lemma nu_deriv_le:
  assumes "\<mu> s > 0" and "\<gamma> * \<mu> s \<le> rotation h (\<tau> s) (\<mu> s)"
  shows "- rotation h (\<tau> s) (\<mu> s) / (\<mu> s)\<^sup>2 \<le> - \<gamma> / \<mu> s"
proof -
  have "- rotation h (\<tau> s) (\<mu> s) / (\<mu> s)\<^sup>2 \<le> - (\<gamma> * \<mu> s) / (\<mu> s)\<^sup>2"
    using assms by (intro divide_right_mono) auto
  also have "\<dots> = - \<gamma> / \<mu> s"
    using assms(1) by (simp add: power2_eq_square)
  finally show ?thesis .
qed

text \<open>Once \<open>\<nu> \<le> -c\<close>, the point lies in the sector \<open>\<tau> \<ge> c \<mu>\<close> where \<open>K \<ge> 0\<close>; hence \<open>\<tau>' \<ge> 1\<close>,
  then \<open>K \<tau>\<close> is bounded below and \<open>\<mu>' = - K \<tau>\<close> drives \<open>\<mu>\<close> to zero.\<close>

lemma nu_le_neg_impossible:
  assumes pos: "\<And>s. \<mu> s > 0" and "c \<ge> 1" and "\<bar>h\<^sup>2 - 1\<bar> \<le> h\<^sup>2 * c"
    and le: "\<And>s. a \<le> s \<Longrightarrow> \<nu> s \<le> - c"
  shows False
proof -
  have sector: "c * \<mu> s \<le> \<tau> s" if "a \<le> s" for s
    using nu_le_iff_pos[OF pos] le[OF that] by force
  have "1 \<le> 1 + K h (\<tau> s) (\<mu> s) * \<mu> s" if "a \<le> s" for s
    using K_nonneg[OF h_pos _ _ sector[OF that] assms(3)] pos[of s] \<open>c \<ge> 1\<close> by simp
  moreover have "(1 :: real) > 0" by simp
  ultimately obtain b where "a \<le> b" and tau_ge: "\<And>u. b \<le> u \<Longrightarrow> 1 \<le> \<tau> u"
    using DERIV_ge_pos_imp_eventually_ge[OF tau_deriv, where c = 1] by blast
  have "- K h (\<tau> s) (\<mu> s) * \<tau> s \<le> - (2 / (3 * (h\<^sup>2 + 2)))" if "b \<le> s" for s
    using K_mul_ge[OF h_pos _ \<open>c \<ge> 1\<close> sector assms(3) tau_ge[OF that]] pos[of s] \<open>a \<le> b\<close> that
    by simp
  moreover have "2 / (3 * (h\<^sup>2 + 2)) > (0 :: real)" by (simp add: add_nonneg_pos)
  ultimately obtain b' where "\<And>u. b' \<le> u \<Longrightarrow> \<mu> u \<le> 0"
    using DERIV_le_neg_imp_eventually_le[OF mu_deriv, where c = 0] by blast
  then show False using pos[of b'] by force
qed

text \<open>With \<open>\<nu>' \<le> - \<gamma> / \<mu>\<close> and \<open>\<mu>' / \<mu> \<le> M / \<mu>\<close>, the function \<open>\<nu> + (\<gamma> / M) ln \<mu>\<close> is
  nonincreasing, so a lower bound for \<open>\<nu>\<close> gives an upper bound for \<open>\<mu>\<close>.\<close>

lemma mu_bounded_if_nu_bounded_below:
  assumes pos: "\<And>s. \<mu> s > 0" and "\<gamma> > 0"
    and rot: "\<And>s. b \<le> s \<Longrightarrow> \<gamma> * \<mu> s \<le> rotation h (\<tau> s) (\<mu> s)"
    and lower: "\<And>s. b \<le> s \<Longrightarrow> - c < \<nu> s"
  obtains U where "U > 0" and "\<And>s. b \<le> s \<Longrightarrow> \<mu> s \<le> U"
proof
  define M where "M = \<bar>h\<^sup>2 - 1\<bar> / 2 + 1"
  have "M > 0" unfolding M_def by (simp add: add_nonneg_pos)
  define F where "F s = \<nu> s + \<gamma> / M * ln (\<mu> s)" for s
  have F_le: "F s \<le> F b" if "b \<le> s" for s
  proof (rule DERIV_nonpos_imp_le_left[OF _ _ that])
    fix u assume "b \<le> u"
    show "(F has_real_derivative
        - rotation h (\<tau> u) (\<mu> u) / (\<mu> u)\<^sup>2 + \<gamma> / M * (- K h (\<tau> u) (\<mu> u) * \<tau> u / \<mu> u)) (at u)"
      unfolding F_def[abs_def] using pos[of u] \<open>M > 0\<close>
      by (auto intro!: derivative_eq_intros nu_deriv mu_deriv simp: field_simps)
    have "- K h (\<tau> u) (\<mu> u) * \<tau> u / \<mu> u \<le> M / \<mu> u"
      using neg_K_mul_le[OF h_pos, of "\<tau> u" "\<mu> u"] pos[of u]
      by (intro divide_right_mono) (auto simp: M_def)
    then have "\<gamma> / M * (- K h (\<tau> u) (\<mu> u) * \<tau> u / \<mu> u) \<le> \<gamma> / M * (M / \<mu> u)"
      by (rule mult_left_mono) (use \<open>\<gamma> > 0\<close> \<open>M > 0\<close> in simp)
    also have "\<dots> = \<gamma> / \<mu> u"
      using \<open>M > 0\<close> by simp
    finally show "- rotation h (\<tau> u) (\<mu> u) / (\<mu> u)\<^sup>2 + \<gamma> / M * (- K h (\<tau> u) (\<mu> u) * \<tau> u / \<mu> u) \<le> 0"
      using nu_deriv_le[OF pos rot[OF \<open>b \<le> u\<close>]] by simp
  qed
  show "exp ((F b + c) * M / \<gamma>) > 0" by simp
  fix s assume "b \<le> s"
  have "\<gamma> / M * ln (\<mu> s) < F b + c"
    using F_le[OF \<open>b \<le> s\<close>] lower[OF \<open>b \<le> s\<close>] unfolding F_def by simp
  then have "ln (\<mu> s) < (F b + c) * M / \<gamma>"
    using \<open>\<gamma> > 0\<close> \<open>M > 0\<close> by (simp add: field_simps)
  then have "exp (ln (\<mu> s)) \<le> exp ((F b + c) * M / \<gamma>)"
    by simp
  then show "\<mu> s \<le> exp ((F b + c) * M / \<gamma>)" using pos[of s] by simp
qed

* WORK ORDER
The line containing "(\<mu> s) < (F b" and all lines after it, through the last line of the data, should be retyped exactly.

* ANSWER TO THIS EXERCISE
  then have "ln (\<mu> s) < (F b + c) * M / \<gamma>"
    using \<open>\<gamma> > 0\<close> \<open>M > 0\<close> by (simp add: field_simps)
  then have "exp (ln (\<mu> s)) \<le> exp ((F b + c) * M / \<gamma>)"
    by simp
  then show "\<mu> s \<le> exp ((F b + c) * M / \<gamma>)" using pos[of s] by simp
qed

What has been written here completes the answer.